Sexually, physically, and mentally, we humans peak in our early twenties. After that we decline. Our heart muscles weaken and we lose stamina and endurance. Our blood pressure increases and our arteries harden, and this affects our brain, heart, kidneys, and the extremities, and none of them take it well. The gastrointestinal system also begins to slow. The prostate enlarges. Our hormones slow to a trickle, making us look older and feel less energy and initiative. Our bones leach calcium and phosphates and become fragile. The skin thins, dries, and becomes discolored. Our brain atrophies. Our nerve cells waste away. We suffer memory loss, sometimes severe. Birth is our only real success, and even that success doesn’t really belong to us. It belongs to God. In the beginning, God created us out of nothing. It is all downhill from there, and that’s the part that belongs to us—the long, slow return to nothing.
But if we stop resisting it for a moment, it is precisely this return that can save us. It is precisely this return that can renew us.
Human renewal is one of the universe’s great mysteries, one we tend to take for granted. When our cars run out of gas, we fill them up with gas. When our batteries run down, we recharge them with electrical energy. But when we human beings run down, we simply plunge into nothingness. We sleep. Nothing happens to us when we sleep, and it is precisely this nothing that restores us.
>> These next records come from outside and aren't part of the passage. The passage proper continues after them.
lemma smooth_expr_partial:
  fixes h :: "real \<Rightarrow> real^'m::finite \<Rightarrow> complex"
  assumes "smooth_expr h"
  shows "\<exists>h'. smooth_expr h' \<and> has_pd_near k h h'"
  using assms
proof induction
  case (smooth_expr_coef c)
  have "smooth_expr (\<lambda>y x. 0)" by (rule smooth_expr.smooth_expr_coef) simp
  then show ?case by (auto simp: has_pd_near_def)
next
  case (smooth_expr_coord l)
  have "smooth_expr (\<lambda>y x. if l = k then 1 else 0)" by (rule smooth_expr.smooth_expr_coef) simp
  moreover have "has_pd_near k (\<lambda>y x. complex_of_real (x $ l)) (\<lambda>y x. if l = k then 1 else 0)"
    unfolding has_pd_near_def by (intro allI impI has_vector_derivative_coord)
  ultimately show ?case by blast
next
  case (smooth_expr_add f g)
  then obtain f' g' where "smooth_expr f'" "has_pd_near k f f'" "smooth_expr g'" "has_pd_near k g g'"
    by blast
  then show ?case by (blast intro: smooth_expr.smooth_expr_add has_pd_near_add)
next
  case (smooth_expr_mult f g)
  then obtain f' g' where "smooth_expr f'" "has_pd_near k f f'" "smooth_expr g'" "has_pd_near k g g'"
    by blast
  with smooth_expr_mult.hyps show ?case
    by (blast intro: smooth_expr.smooth_expr_add smooth_expr.smooth_expr_mult has_pd_near_mult)
next
  case (smooth_expr_comp f F)
  then obtain f' where "smooth_expr f'" "has_pd_near k f f'" by blast
  moreover have "smooth_expr (\<lambda>y x. deriv F (f y x))"
    using smooth_expr.smooth_expr_comp[OF smooth_expr_comp.hyps(1,2)
        holomorphic_deriv[OF smooth_expr_comp.hyps(3) open_ball]] .
  ultimately show ?case using smooth_expr_comp.hyps
    by (blast intro: smooth_expr.smooth_expr_mult has_pd_near_comp)
qed

lemma smooth_expr_continuous_on:
  fixes h :: "real \<Rightarrow> real^'m::finite \<Rightarrow> complex"
  assumes "smooth_expr h" "norm x < 1/4"
  shows "continuous_on {-1/4<..<1/4} (\<lambda>y. h y x)"
  using assms(1)
proof induction
  case (smooth_expr_comp f F)
  have "continuous_on (ball 0 1) F" using smooth_expr_comp holomorphic_on_imp_continuous_on by blast
  moreover have "\<forall>y\<in>{-1/4<..<1/4}. f y x \<in> ball 0 1" using smooth_expr_comp
      assms(2) by (auto simp: near_origin_def)
  moreover have "continuous_on {-1/4<..<1/4} (\<lambda>y. f y x)" by (rule smooth_expr_comp.IH)
  ultimately show ?case by (intro
      continuous_on_compose2[of "ball 0 1" F "{-1/4<..<1/4}" "\<lambda>y. f y x"]) auto
next
  case (smooth_expr_add f g) then show ?case by (intro continuous_on_add)
next
  case (smooth_expr_mult f g) then show ?case by (intro continuous_on_mult)
qed simp_all

definition smooth :: "(real \<Rightarrow> real^'m::finite \<Rightarrow> complex) \<Rightarrow> bool" where
  "smooth h \<longleftrightarrow>
      (\<exists>h0. smooth_expr h0 \<and>
      (\<forall>y x. near_origin y x \<longrightarrow> h y x = h0 y x))"

lemma smooth_expr_imp_smooth: "smooth_expr h \<Longrightarrow> smooth h" unfolding smooth_def by blast

lemma open_line_near_origin: "open {t::real. norm (x + t *\<^sub>R axis k 1 :: real^'m::finite) < 1/4}"
  by (intro open_Collect_less continuous_intros)

lemma pd_cong:
  fixes h1 h2 :: "real^'m::finite \<Rightarrow> complex"
  assumes "\<And>z. norm z < 1/4 \<Longrightarrow> h1 z = h2 z" "norm x < 1/4"
  shows "pd k h1 x = pd k h2 x"
  unfolding pd_def
proof (rule vector_derivative_cong_eq)
  have "eventually (\<lambda>t. t \<in> {t::real. norm (x + t *\<^sub>R axis k 1) < 1/4}) (nhds 0)"
    using assms(2) by (intro eventually_nhds_in_open open_line_near_origin) auto
  then show "eventually (\<lambda>t. t \<in> UNIV \<longrightarrow> h1 (x + t *\<^sub>R axis k 1) =
      h2 (x + t *\<^sub>R axis k 1)) (nhds 0)"
    by (rule eventually_mono) (auto simp: assms(1))
qed auto

lemma smooth_has_pd:
  fixes h :: "real \<Rightarrow> real^'m::finite \<Rightarrow> complex"
  assumes "smooth h" "near_origin y x"
  shows "((\<lambda>t. h y (x + t *\<^sub>R axis k 1)) has_vector_derivative pd k (h y) x) (at 0)"
proof -
  obtain h0 where h0: "smooth_expr h0" "\<And>y x. near_origin y x \<Longrightarrow> h y x = h0 y
      x" using assms(1) smooth_def by blast
  obtain h' where h': "smooth_expr h'" "\<forall>y x. near_origin y x \<longrightarrow>
           ((\<lambda>t. h0 y (x + t *\<^sub>R axis k 1)) has_vector_derivative h' y x) (at 0)"
    using smooth_expr_partial[OF h0(1)] unfolding has_pd_near_def by blast
  have d: "((\<lambda>t. h y (x + t *\<^sub>R axis k 1)) has_vector_derivative h' y x) (at 0)"
  proof (rule has_vector_derivative_transform_within_open[OF h'(2)[rule_format, OF assms(2)]
      open_line_near_origin])
    show "0 \<in> {t. norm (x + t *\<^sub>R axis k 1) < 1/4}" using assms(2) by (simp add: near_origin_def)
    fix t assume "t \<in> {t. norm (x + t *\<^sub>R axis k 1) < 1/4}"
    then show "h0 y (x + t *\<^sub>R axis k 1) = h y (x + t *\<^sub>R axis k 1)"
      using h0(2) assms(2) by (auto simp: near_origin_def)
  qed
  then have "pd k (h y) x = h' y x" unfolding pd_def by (rule vector_derivative_at)
  then show ?thesis using d by simp
qed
When we lose touch with this sense of nefesh, of space, of emptiness, we feel overwhelmed, overstressed, overburdened. So for many of us the question is, How do we find our way back to heaven? How do we relocate that spaciousness out of which we emerged? How do we connect with our nefesh?
The Sabbath is a time when we inhabit ourselves this way. This may be the real reason so few Christians or Jews observe the Sabbath anymore. Work, commerce, and our usual frantic rush of activities are all devices we use to distract ourselves from ourselves, to keep from looking at who we are, to keep us from fully inhabiting our lives. Perhaps the real reason more of us don’t observe a Sabbath is not because it’s inconvenient—not because we are spiritually lazy—but rather because we are afraid. We are afraid of reflection because we are afraid of ourselves. We are afraid that if we ever stopped running long enough to catch a glimpse of ourselves, we would see something we didn’t like.
The real work we have to do at this time of year, I think, is to find compassion no matter what. But we have to find it for ourselves before we can be of much use to others. The real work is to look at who we really are, and to contemplate Who made us that way. This I can promise you: neither you nor your children conform to the ideas other people are trying to foist on you. You are the unique creations of God, and any attempt to pin you down to some idea will only diminish you. You are equal to your life. You have been given exactly what you need, not one thing more and not one thing less.”